1 Reply Latest reply on Jul 30, 2014 1:58 AM by dipak

    Downside of using image vs global memory?

    boxerab

      I  have a kernel that processes RGB images. Currently, I take each channel one by one, and run the same kernel on that channel

      The kernel input is a global memory buffer: data is moved in chunks from the global buffer into local memory for processing, then stored into another global buffer as output.

      I was thinking of refactoring this to store all three channels in an RGBA buffer, and operate on all three channels at the same time, using vector operations. I understand that images have better spatial caching.
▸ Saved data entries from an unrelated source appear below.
text \<open>Maximality of the red path vs (with n edges) with respect to W.
  The new path ws has n+1 edges: edges 1..i-1 are e_1..e_{i-1},
  edges i..i+r are new, and edge k (i+r < k \<le> n+1) is e_{k-1}.\<close>

definition maximal_wrt ::
  "'a set \<Rightarrow> ('a set \<Rightarrow> bool) \<Rightarrow> 'a list \<Rightarrow> nat \<Rightarrow> 'a set \<Rightarrow> bool" where
  "maximal_wrt V red vs n W \<longleftrightarrow>
     \<not> (\<exists>W' ws r i. W' \<subseteq> W \<and> 1 \<le> r \<and> r \<le> n \<and> 1 \<le> i \<and> i \<le> n - r + 1 \<and>
          loose_path V ws (n + 1) \<and> red_path red ws (n + 1) \<and>
          (\<forall>k. 1 \<le> k \<and> k < i \<longrightarrow> lp_edge ws k = lp_edge vs k) \<and>
          (\<forall>k. i + r < k \<and> k \<le> n + 1 \<longrightarrow> lp_edge ws k = lp_edge vs (k - 1)) \<and>
          set ws = set vs \<union> W' \<and>
          (i = 1 \<longrightarrow> ws ! 0 = vs ! 0) \<and>
          (i + r - 1 = n \<longrightarrow> ws ! (3 * (n + 1)) = vs ! (3 * n)))"

end

theory Submission
  imports Defs
begin

text \<open>Write \<open>u\<^sub>0, \<dots>, u\<^sub>6\<close> for the vertices of \<open>e\<^sub>j \<union> e\<^sub>j\<^sub>+\<^sub>1\<close> in path order and call a
  triple of them \<open>few-red\<close> if at most two vertices \<open>w \<in> W\<close> complete it to a red edge.
  For every reordering \<open>u\<^sub>0, u\<^sub>p\<^sub>1, \<dots>, u\<^sub>p\<^sub>5, u\<^sub>6\<close> of these vertices one of the triples
  \<open>{u\<^sub>0, u\<^sub>p\<^sub>1, u\<^sub>p\<^sub>2}\<close>, \<open>{u\<^sub>p\<^sub>2, u\<^sub>p\<^sub>3, u\<^sub>p\<^sub>4}\<close>, \<open>{u\<^sub>p\<^sub>4, u\<^sub>p\<^sub>5, u\<^sub>6}\<close> is few-red:
  otherwise distinct red completions \<open>w\<^sub>1, w\<^sub>2, w\<^sub>3\<close> turn \<open>e\<^sub>j e\<^sub>j\<^sub>+\<^sub>1\<close> into three red
  edges with the same end vertices, contradicting maximality. Three well-chosen reorderings
  then force two few-red triples that share exactly one vertex and miss one of
  \<open>u\<^sub>4, u\<^sub>5, u\<^sub>6\<close>; deleting their at most two red completions from \<open>W\<close> gives
  \<open>W\<^sub>1\<close> and \<open>W\<^sub>2\<close>.\<close>

lemma lp_edge_eq_image: "lp_edge xs i = (\<lambda>k. xs ! k) ` {3*(i-1)..3*i}"
  unfolding lp_edge_def by auto

lemma lp_edge_eq_four:
  assumes "1 \<le> i"
  shows "lp_edge xs i = {xs ! (3*(i-1)), xs ! (3*(i-1) + 1), xs ! (3*(i-1) + 2), xs ! (3*(i-1) + 3)}"
proof -
  have "{3*(i-1)..3*i} = {3*(i-1), 3*(i-1) + 1, 3*(i-1) + 2, 3*(i-1) + 3}" using assms by auto
  then show ?thesis by (simp add: lp_edge_eq_image)
qed

lemma lp_edge_add_eq_image:
  assumes "1 \<le> i"
  shows "lp_edge xs (d + i) = (\<lambda>k. xs ! (3*d + k)) ` {3*(i-1)..3*i}"
proof -
  have "{3*(d+i-1)..3*(d+i)} = (+) (3*d) ` {3*(i-1)..3*i}"
    using assms by (simp add: algebra_simps)
  then show ?thesis unfolding lp_edge_eq_image by (simp only: image_comp comp_def)
qed

lemma lp_edge_eq_shift:
  assumes "1 \<le> i" and "\<And>k. 3*(i-1) \<le> k \<Longrightarrow> k \<le> 3*i \<Longrightarrow> xs ! (3*d + k) = ys ! (3*e + k)"
  shows "lp_edge xs (d + i) = lp_edge ys (e + i)"
  using assms by (auto simp: lp_edge_add_eq_image intro!: image_cong)

lemma loose_path_window:
  fixes vs :: "'a list"
  assumes "loose_path V vs n" and "1 \<le> j" and "j < n"
  defines "u \<equiv> \<lambda>k. vs ! (3*(j-1) + k)"
  shows "inj_on u {0..6}" and "u ` {0..6} \<subseteq> set vs"
    and "lp_edge vs j = u ` {0..3}" and "lp_edge vs (j + 1) = u ` {3..6}"
proof -
  have idx: "3*(j-1) + k < length vs" if "k \<le> 6" for k
    using assms(1-3) that by (simp add: loose_path_def)
  show "inj_on u {0..6}"
    using assms(1) idx by (auto simp: inj_on_def u_def loose_path_def nth_eq_iff_index_eq)
  show "u ` {0..6} \<subseteq> set vs" using idx by (auto simp: u_def)
  show "lp_edge vs j = u ` {0..3}"
    using lp_edge_add_eq_image[of 1 vs "j-1"] assms(2) by (simp add: u_def)
  show "lp_edge vs (j + 1) = u ` {3..6}"
    using lp_edge_add_eq_image[of 2 vs "j-1"] assms(2) by (simp add: u_def)
qed

lemma nth_replace_segment:
  fixes xs ys :: "'a list" and b m d :: nat
  defines "zs \<equiv> take b xs @ ys @ drop (b + m + 1) xs"
  assumes fits: "b + m + 1 \<le> length xs" and len_ys: "length ys = m + d + 1"
    and first: "ys ! 0 = xs ! b" and last: "ys ! (m + d) = xs ! (b + m)"
  shows "length zs = length xs + d"
    and "k \<le> b \<Longrightarrow> zs ! k = xs ! k"
    and "k < length ys \<Longrightarrow> zs ! (b + k) = ys ! k"
    and "b + m \<le> k \<Longrightarrow> k < length xs \<Longrightarrow> zs ! (d + k) = xs ! k"
proof -
  have len_pre: "length (take b xs) = b" using fits by simp
  show "length zs = length xs + d" using fits len_ys by (simp add: zs_def)
  show mid: "zs ! (b + k) = ys ! k" if "k < length ys" for k
    using that fits by (simp add: zs_def nth_append)
  show "zs ! k = xs ! k" if "k \<le> b" for k
  proof (cases "k < b")
    case True then show ?thesis using fits by (simp add: zs_def nth_append)
  next
    case False then show ?thesis using that mid[of 0] first len_ys by simp
  qed
  show "zs ! (d + k) = xs ! k" if "b + m \<le> k" "k < length xs" for k
  proof (cases "k = b + m")
    case True then show ?thesis using mid[of "m + d"] last len_ys by (simp add: algebra_simps)
  next
    case False
    then have "d + k = length (take b xs @ ys) + (k - (b + m + 1))"
      using that len_pre len_ys by simp
    then show ?thesis using that False
      by (simp only: zs_def append_assoc[symmetric] nth_append_length_plus) simp
  qed
qed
      Is there any disadvantage to this refactor? I realize that I will have to reduce the number of pixels per chunk, because I will now have three times the amount of data.

      Thanks!

        • Re: Downside of using image vs global memory?
          dipak

          Hi,

          I think you are moving to right direction. OpenCL image objects are better option for operating on non-linear structures like 2D and 3D image, specially for spatial operations like convolution, filtering etc. Most of the GPUs have special hardware (e.g texture memory/cache] to handle the images and they provide extremely high-performance access to and filtering of texture images. But there are few limitations worth to know like:

          1) There is a limit to maximum size of 2D and 3D image object (can be queried using clGetDeviceInfo)

          2) Same image object cannot be read and written in same kernel (this restriction will not be there in OpenCL 2.0)

          3) Image data can not be accessed directly using pointer, only accessible through built-in image read/write functions.

          4) As most of the OpenCL implementations prefer to store(internally) the image object as non-linear fashion, the copy and mapping of image object to linear memory such as buffer or linear host memory may have some performance impact.

          5) There is a limit of max. image objects that can be used as kernel arguments (for read and write) [this limit values are large enough for general applications].

           

          Regards,